**ACTION ITEM:** Each entry below is to be printed verbatim.

**DATASET ENTRIES:**
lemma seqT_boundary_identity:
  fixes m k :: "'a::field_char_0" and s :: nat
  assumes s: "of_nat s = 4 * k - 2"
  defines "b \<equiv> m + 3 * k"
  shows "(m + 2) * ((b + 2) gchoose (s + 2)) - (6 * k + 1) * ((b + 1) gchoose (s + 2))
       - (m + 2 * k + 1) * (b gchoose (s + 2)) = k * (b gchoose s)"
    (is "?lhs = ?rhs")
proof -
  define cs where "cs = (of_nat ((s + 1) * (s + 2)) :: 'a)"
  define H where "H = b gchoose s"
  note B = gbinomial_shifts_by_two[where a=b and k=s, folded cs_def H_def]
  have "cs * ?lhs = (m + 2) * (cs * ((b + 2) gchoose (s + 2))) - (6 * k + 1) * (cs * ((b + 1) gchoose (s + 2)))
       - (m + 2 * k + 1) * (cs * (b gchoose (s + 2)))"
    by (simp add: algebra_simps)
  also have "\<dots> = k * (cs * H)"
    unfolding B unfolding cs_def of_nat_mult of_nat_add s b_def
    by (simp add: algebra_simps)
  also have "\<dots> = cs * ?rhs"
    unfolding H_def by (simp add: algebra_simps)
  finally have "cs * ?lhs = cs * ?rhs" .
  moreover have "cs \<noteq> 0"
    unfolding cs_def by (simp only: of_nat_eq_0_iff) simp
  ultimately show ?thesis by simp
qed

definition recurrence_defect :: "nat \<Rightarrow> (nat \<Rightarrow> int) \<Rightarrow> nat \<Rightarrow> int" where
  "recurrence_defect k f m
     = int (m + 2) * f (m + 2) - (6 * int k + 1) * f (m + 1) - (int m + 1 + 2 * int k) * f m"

**WRITTEN ANSWER:**
lemma seqT_boundary_identity:
  fixes m k :: "'a::field_char_0" and s :: nat
  assumes s: "of_nat s = 4 * k - 2"
  defines "b \<equiv> m + 3 * k"
  shows "(m + 2) * ((b + 2) gchoose (s + 2)) - (6 * k + 1) * ((b + 1) gchoose (s + 2))
       - (m + 2 * k + 1) * (b gchoose (s + 2)) = k * (b gchoose s)"
    (is "?lhs = ?rhs")
proof -
  define cs where "cs = (of_nat ((s + 1) * (s + 2)) :: 'a)"
  define H where "H = b gchoose s"
  note B = gbinomial_shifts_by_two[where a=b and k=s, folded cs_def H_def]
  have "cs * ?lhs = (m + 2) * (cs * ((b + 2) gchoose (s + 2))) - (6 * k + 1) * (cs * ((b + 1) gchoose (s + 2)))
       - (m + 2 * k + 1) * (cs * (b gchoose (s + 2)))"
    by (simp add: algebra_simps)
  also have "\<dots> = k * (cs * H)"
    unfolding B unfolding cs_def of_nat_mult of_nat_add s b_def
    by (simp add: algebra_simps)
  also have "\<dots> = cs * ?rhs"
    unfolding H_def by (simp add: algebra_simps)
  finally have "cs * ?lhs = cs * ?rhs" .
  moreover have "cs \<noteq> 0"
    unfolding cs_def by (simp only: of_nat_eq_0_iff) simp
  ultimately show ?thesis by simp
qed

definition recurrence_defect :: "nat \<Rightarrow> (nat \<Rightarrow> int) \<Rightarrow> nat \<Rightarrow> int" where
  "recurrence_defect k f m
     = int (m + 2) * f (m + 2) - (6 * int k + 1) * f (m + 1) - (int m + 1 + 2 * int k) * f m"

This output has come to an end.